### Exercise prompt:
In the lines below, find the one that contains "Hence \<open>g \<le>" and write it out exactly, along with every line that follows it.

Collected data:
============================================================

lemma no_blue_projective_plane:
  assumes plane: "projective_plane q V E" and "1 \<le> q"
  shows "\<not> has_mono_copy N (V, E) (split_colouring a) False"
proof
  assume "has_mono_copy N (V, E) (split_colouring a) False"
  then obtain f where inj: "inj_on f V" and blue: "\<And>e. e \<in> E \<Longrightarrow> card (f ` e \<inter> {a..}) = 1"
    unfolding has_mono_copy_def split_colouring_def by auto
  define S where "S = {v \<in> V. a \<le> f v}"
  have "card (e \<inter> S) = 1" if "e \<in> E" for e
  proof -
    have "e \<subseteq> V"
      using plane that unfolding projective_plane_def by blast
    then have "f ` e \<inter> {a..} = f ` (e \<inter> S)"
      unfolding S_def by auto
    moreover have "inj_on f (e \<inter> S)"
      using inj by (rule inj_on_subset) (auto simp: S_def)
    ultimately show ?thesis
      using blue[OF that] by (simp add: card_image)
  qed
  moreover have "S \<subseteq> V"
    unfolding S_def by blast
  ultimately show False
    using projective_plane_no_one_point_transversal[OF plane \<open>1 \<le> q\<close>] by blast
qed

lemma ramsey_number_ge:
  assumes "\<And>N. N < M \<Longrightarrow> \<exists>c. \<not> has_mono_copy N G c True \<and> \<not> has_mono_copy N H c False"
  shows "enat M \<le> ramsey_number G H"
  unfolding ramsey_number_def
proof (rule Inf_greatest, clarify)
  fix N
  assume "\<forall>c. has_mono_copy N G c True \<or> has_mono_copy N H c False"
  then show "enat M \<le> enat N"
    using assms by (meson enat_ord_simps(1) not_le)
qed
(* Let $K$ and $S$ be compact Hausdorff spaces. The following are equivalent: (i) there exists a U-embedding $T\colon C(K)\to C(S)$; (ii) there exists a continuous embedding $h\colon K\to S$ admitting a linear extension operator of norm one, with $h(K)$ a $G_\delta$-subset of $S$.
   Context: $C(K)$, $C(S)$ carry the sup norm. A linear isometry $T\colon X\to Y$ is a U-embedding if every $x^*\in X^*$ has a unique $y^*\in Y^*$ with $T^*(y^* )=x^*$ and $\|y^*\|=\|x^*\|$. For a continuous embedding (homeomorphism onto its image) $h\colon K\to S$, a linear operator $v\colon C(K)\to C(S)$ is a linear extension operator for $h$ if $(vf)(h(k))=f(k)$ for every $f\in C(K)$ and $k\in K$ (equivalently $v^*(\delta_{h(k)})=\delta_k$ for all $k\in K$). *)

theory Defs
  imports "HOL-Analysis.Analysis"
begin

(* C(K) for compact K is modelled as the type 'k \<Rightarrow>\<^sub>C real (bounded continuous
   functions, sup norm); on a compact space every continuous function is bounded.
   The dual X* is X \<Rightarrow>\<^sub>L real with the operator norm; the adjoint is T*(y) = y o\<^sub>L T. *)

definition U_embedding :: "('x::real_normed_vector \<Rightarrow>\<^sub>L 'y::real_normed_vector) \<Rightarrow> bool" where
  "U_embedding T \<longleftrightarrow>
     (\<forall>x. norm (T x) = norm x) \<and>
     (\<forall>xs :: 'x \<Rightarrow>\<^sub>L real. \<exists>!ys :: 'y \<Rightarrow>\<^sub>L real. ys o\<^sub>L T = xs \<and> norm ys = norm xs)"

definition linear_extension_operator ::
  "('k::topological_space \<Rightarrow> 's::topological_space) \<Rightarrow> (('k \<Rightarrow>\<^sub>C real) \<Rightarrow>\<^sub>L ('s \<Rightarrow>\<^sub>C real)) \<Rightarrow> bool" where
  "linear_extension_operator h v \<longleftrightarrow> (\<forall>f k. apply_bcontfun (v f) (h k) = apply_bcontfun f k)"

end

(* (ii) implies (i): as h(K) is a closed G_delta set, a series of Urysohn functions gives a
   peak function g : S -> [0,1] with g = 1 exactly on h(K).  Then T f = g * v f is an
   isometric extension operator dominated by g, and composition with h is a norm-one left
   inverse of T, so every functional x on C(K) has the norm-preserving extension x o h^*.
   Any norm-preserving extension y annihilates the functions vanishing on h(K): otherwise,
   truncating such a function to where g <= c < 1 and adding (1 - c) times it to an almost
   norming T f stays in the unit ball, and y would exceed its norm there.

   (i) implies (ii): for an isometry T and a point k, averaging finitely many norm-one
   functions peaking at k and using the finite intersection property gives a point s at
   which T f (s) = u(s) f(k) for all f, where u = T 1 and |u(s)| = 1.  Uniqueness of the
   norm-preserving extension of the point evaluation at k makes s unique; the resulting map
   h has closed graph, hence is continuous, and is injective.  u * T is a norm-one
   extension operator for h, and uniqueness for the functional u(s) delta_s o T shows that
   h(K) = {s. |u(s)| = 1}, a G_delta set. *)

theory Submission
  imports Defs
begin

section \<open>Compact spaces and bounded continuous functions\<close>

lemma Hausdorff_space_euclidean_t2: "Hausdorff_space (euclidean :: 'a::t2_space topology)"
  using hausdorff by (simp add: Hausdorff_space_def disjnt_def flip: open_openin) blast

lemma apply_Bcontfun_compact:
  fixes f :: "'a::topological_space \<Rightarrow> 'b::metric_space"
  assumes "compact (UNIV :: 'a set)" and "continuous_on UNIV f"
  shows "apply_bcontfun (Bcontfun f) = f"
  using assms by (intro Bcontfun_inverse) (simp add: bcontfun_def compact_imp_bounded compact_continuous_image)

lemma compact_Urysohn_bcontfun:
  fixes A B :: "'a::t2_space set"
  assumes "compact (UNIV :: 'a set)" and "closed A" and "closed B" and "A \<inter> B = {}"
  obtains \<phi> :: "'a \<Rightarrow>\<^sub>C real"
  where "\<And>x. 0 \<le> \<phi> x \<and> \<phi> x \<le> 1" and "\<And>x. x \<in> A \<Longrightarrow> \<phi> x = 0" and "\<And>x. x \<in> B \<Longrightarrow> \<phi> x = 1"
proof -
  have "compact_space (euclidean :: 'a topology)"
    using assms(1) by (simp add: compact_space_def)
  then have "normal_space (euclidean :: 'a topology)"
    using Hausdorff_space_euclidean_t2 compact_Hausdorff_or_regular_imp_normal_space by blast
  then obtain f where f: "continuous_map euclidean (top_of_set {0..1::real}) f" "f ` A \<subseteq> {0}" "f ` B \<subseteq> {1}"
    using Urysohn_lemma[of euclidean A B 0 1] assms(2-4) by (auto simp: disjnt_def)
  then have "continuous_on UNIV f" and "\<And>x. f x \<in> {0..1}"
    by (auto simp: continuous_map_in_subtopology)
  moreover from this have "apply_bcontfun (Bcontfun f) = f"
    by (simp add: apply_Bcontfun_compact assms(1))
  ultimately show ?thesis
    using f(2,3) by (intro that[of "Bcontfun f"]) auto
qed

lemma abs_apply_bcontfun_le_norm: "\<bar>apply_bcontfun (f :: 'a::topological_space \<Rightarrow>\<^sub>C real) x\<bar> \<le> norm f"
  using norm_bounded[of f x] by simp

lemma bcontfun_norm_attained:
  fixes f :: "'a::topological_space \<Rightarrow>\<^sub>C real"
  assumes "compact (UNIV :: 'a set)"
  obtains x where "\<bar>f x\<bar> = norm f"
proof -
  obtain x where "\<forall>y. \<bar>f y\<bar> \<le> \<bar>f x\<bar>"
    using continuous_attains_sup[OF assms, of "\<lambda>y. \<bar>f y\<bar>"] by (auto intro: continuous_intros)
  then have "norm f \<le> \<bar>f x\<bar>"
    by (intro norm_bound) simp
  with abs_apply_bcontfun_le_norm[of f x] have "\<bar>f x\<bar> = norm f"
    by linarith
  then show ?thesis
    by (rule that)
qed
(* Let $f:D^n\to\mathbb R$. The Lovász extension $f^L:[-\alpha,1]^n\to\mathbb R$ of $f$ is convex if and only if $f$ is $\alpha$-bisubmodular.
   Context: Fix $\alpha\in(0,1]$ and $D=\{-\alpha,0,1\}\subset\mathbb R$. Define the partial order $\preceq$ on $D$ by $0\preceq 1$, $0\preceq -\alpha$ (plus reflexivity), with $1$ and $-\alpha$ incomparable; extend it componentwise to $D^n$. Define $\wedge_0$ on $D$ by $1\wedge_0(-\alpha)=(-\alpha)\wedge_0 1=0$ and $x\wedge_0 y=\min(x,y)$ w.r.t. $\preceq$ if $\{x,y\}\ne\{-\alpha,1\}$; for $a\in D$ define $\vee_a$ by $1\vee_a(-\alpha)=(-\alpha)\vee_a 1=a$ and $x\vee_a y=\max(x,y)$ w.r.t. $\preceq$ if $\{x,y\}\ne\{-\alpha,1\}$; extend componentwise to $D^n$. $f:D^n\to\mathbb R$ is $\alpha$-bisubmodular if for all $\mathbf a,\mathbf b\in D^n$: $f(\mathbf a\wedge_0\mathbf b)+\alpha f(\mathbf a\vee_0\mathbf b)+(1-\alpha)f(\mathbf a\vee_1\mathbf b)\le f(\mathbf a)+f(\mathbf b)$. For $\mathbf x\in[-\alpha,1]^n$, $\mathcal P(\mathbf x)$ is the set of $\lambda:D^n\to[0,1]$ with $\sum_{\mathbf a}\lambda(\mathbf a)=1$ and $\sum_{\mathbf a}\lambda(\mathbf a)\mathbf a=\mathbf x$. For each $\mathbf x$ there is a unique $\lambda_{\mathbf x}\in\mathcal P(\mathbf x)$ whose support is a chain w.r.t. $\preceq$; the Lovász extension is $f^L(\mathbf x)=\sum_{\mathbf a\in D^n}\lambda_{\mathbf x}(\mathbf a)f(\mathbf a)$. *)

theory Defs
  imports "HOL-Analysis.Analysis"
begin

definition Dom :: "real \<Rightarrow> real set" where
  "Dom \<alpha> = {-\<alpha>, 0, 1}"

definition Domn :: "real \<Rightarrow> (real ^ 'n::finite) set" where
  "Domn \<alpha> = {a. \<forall>i. a $ i \<in> Dom \<alpha>}"

definition preD :: "real \<Rightarrow> real \<Rightarrow> real \<Rightarrow> bool" where
  "preD \<alpha> x y \<longleftrightarrow> x = y \<or> (x = 0 \<and> (y = 1 \<or> y = -\<alpha>))"

definition preDn :: "real \<Rightarrow> real ^ 'n::finite \<Rightarrow> real ^ 'n \<Rightarrow> bool" where
  "preDn \<alpha> a b \<longleftrightarrow> (\<forall>i. preD \<alpha> (a $ i) (b $ i))"

definition meet0 :: "real \<Rightarrow> real \<Rightarrow> real \<Rightarrow> real" where
  "meet0 \<alpha> x y = (if {x, y} = {-\<alpha>, 1} then 0 else (if preD \<alpha> x y then x else y))"

definition joinD :: "real \<Rightarrow> real \<Rightarrow> real \<Rightarrow> real \<Rightarrow> real" where
  "joinD \<alpha> c x y = (if {x, y} = {-\<alpha>, 1} then c else (if preD \<alpha> x y then y else x))"

definition meet0n :: "real \<Rightarrow> real ^ 'n::finite \<Rightarrow> real ^ 'n \<Rightarrow> real ^ 'n" where
  "meet0n \<alpha> a b = (\<chi> i. meet0 \<alpha> (a $ i) (b $ i))"

definition joinn :: "real \<Rightarrow> real \<Rightarrow> real ^ 'n::finite \<Rightarrow> real ^ 'n \<Rightarrow> real ^ 'n" where
  "joinn \<alpha> c a b = (\<chi> i. joinD \<alpha> c (a $ i) (b $ i))"

definition alpha_bisubmodular :: "real \<Rightarrow> (real ^ 'n::finite \<Rightarrow> real) \<Rightarrow> bool" where
  "alpha_bisubmodular \<alpha> f \<longleftrightarrow>
     (\<forall>a\<in>Domn \<alpha>. \<forall>b\<in>Domn \<alpha>.
        f (meet0n \<alpha> a b) + \<alpha> * f (joinn \<alpha> 0 a b) + (1 - \<alpha>) * f (joinn \<alpha> 1 a b)
          \<le> f a + f b)"

definition cube :: "real \<Rightarrow> (real ^ 'n::finite) set" where
  "cube \<alpha> = {x. \<forall>i. -\<alpha> \<le> x $ i \<and> x $ i \<le> 1}"

definition Pset :: "real \<Rightarrow> real ^ 'n::finite \<Rightarrow> (real ^ 'n \<Rightarrow> real) set" where
  "Pset \<alpha> x = {lam. (\<forall>a. a \<notin> Domn \<alpha> \<longrightarrow> lam a = 0) \<and>
                     (\<forall>a\<in>Domn \<alpha>. 0 \<le> lam a \<and> lam a \<le> 1) \<and>
                     (\<Sum>a\<in>Domn \<alpha>. lam a) = 1 \<and>
                     (\<Sum>a\<in>Domn \<alpha>. lam a *\<^sub>R a) = x}"

definition chain_supported :: "real \<Rightarrow> (real ^ 'n::finite \<Rightarrow> real) \<Rightarrow> bool" where
  "chain_supported \<alpha> lam \<longleftrightarrow>
     (\<forall>a\<in>Domn \<alpha>. \<forall>b\<in>Domn \<alpha>. lam a \<noteq> 0 \<longrightarrow> lam b \<noteq> 0 \<longrightarrow>
        preDn \<alpha> a b \<or> preDn \<alpha> b a)"

definition lam_chain :: "real \<Rightarrow> real ^ 'n::finite \<Rightarrow> (real ^ 'n \<Rightarrow> real)" where
  "lam_chain \<alpha> x = (THE lam. lam \<in> Pset \<alpha> x \<and> chain_supported \<alpha> lam)"

definition lovasz_ext :: "real \<Rightarrow> (real ^ 'n::finite \<Rightarrow> real) \<Rightarrow> real ^ 'n \<Rightarrow> real" where
  "lovasz_ext \<alpha> f x = (\<Sum>a\<in>Domn \<alpha>. lam_chain \<alpha> x a * f a)"

end

theory Submission
  imports Defs
begin

text \<open>The chain decomposition of \<open>x\<close> is obtained by sorting the coordinates by their
  normalised size (\<open>x\<^sub>i\<close>, or \<open>-x\<^sub>i/\<alpha>\<close> when negative): chain element \<open>k\<close> carries the sign
  pattern of \<open>x\<close> on the \<open>k\<close> largest coordinates. It is unique because along any chain the
  supports are nested and the total weight of the elements containing coordinate \<open>i\<close> in their
  support is determined by \<open>x\<^sub>i\<close>.

  If \<open>f\<^sup>L\<close> is convex, evaluate it at the midpoint of \<open>a, b \<in> D\<^sup>n\<close>: that midpoint is the chain
  combination of \<open>a \<sqinter>\<^sub>0 b \<preceq> a \<squnion>\<^sub>0 b \<preceq> a \<squnion>\<^sub>1 b\<close> with weights \<open>1/2, \<alpha>/2, (1-\<alpha>)/2\<close>, and \<open>f\<^sup>L\<close> agrees with
  \<open>f\<close> on \<open>D\<^sup>n\<close>, so convexity is exactly \<open>\<alpha>\<close>-bisubmodularity of \<open>f\<close> at \<open>a, b\<close>.

  Conversely, at a point \<open>z\<close> of the cube let \<open>g\<close> be the affine function that interpolates \<open>f\<close>
  on the maximal chain through the support of \<open>\<lambda>\<^sub>z\<close>. Affine functions are \<open>\<alpha>\<close>-modular, so
  \<open>f - g\<close> is \<open>\<alpha>\<close>-bisubmodular and vanishes on that chain, which forces \<open>f - g \<ge> 0\<close> on \<open>D\<^sup>n\<close>.
  Hence \<open>g \<le> f\<^sup>L\<close> on the cube with equality at \<open>z\<close>: \<open>f\<^sup>L\<close> has a supporting affine minorant at
  every point and is therefore convex.\<close>

lemma finite_Domn: "finite (Domn \<alpha> :: (real^'n::finite) set)"
proof -
  have "(Domn \<alpha> :: (real^'n) set) \<subseteq> vec_lambda ` (PiE UNIV (\<lambda>_. Dom \<alpha>))"
  proof
    fix a :: "real^'n" assume "a \<in> Domn \<alpha>"
    then have "vec_nth a \<in> PiE UNIV (\<lambda>_. Dom \<alpha>)" by (auto simp: Domn_def PiE_iff)
    then show "a \<in> vec_lambda ` (PiE UNIV (\<lambda>_. Dom \<alpha>))" by (metis image_eqI vec_nth_inverse)
  qed
  moreover have "finite (PiE (UNIV::'n set) (\<lambda>_. Dom \<alpha>))" by (rule finite_PiE) (auto simp: Dom_def)
  ultimately show ?thesis using finite_subset finite_imageI by blast
qed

============================================================

### Result of this exercise:
  Hence \<open>g \<le> f\<^sup>L\<close> on the cube with equality at \<open>z\<close>: \<open>f\<^sup>L\<close> has a supporting affine minorant at
  every point and is therefore convex.\<close>

lemma finite_Domn: "finite (Domn \<alpha> :: (real^'n::finite) set)"
proof -
  have "(Domn \<alpha> :: (real^'n) set) \<subseteq> vec_lambda ` (PiE UNIV (\<lambda>_. Dom \<alpha>))"
  proof
    fix a :: "real^'n" assume "a \<in> Domn \<alpha>"
    then have "vec_nth a \<in> PiE UNIV (\<lambda>_. Dom \<alpha>)" by (auto simp: Domn_def PiE_iff)
    then show "a \<in> vec_lambda ` (PiE UNIV (\<lambda>_. Dom \<alpha>))" by (metis image_eqI vec_nth_inverse)
  qed
  moreover have "finite (PiE (UNIV::'n set) (\<lambda>_. Dom \<alpha>))" by (rule finite_PiE) (auto simp: Dom_def)
  ultimately show ?thesis using finite_subset finite_imageI by blast
qed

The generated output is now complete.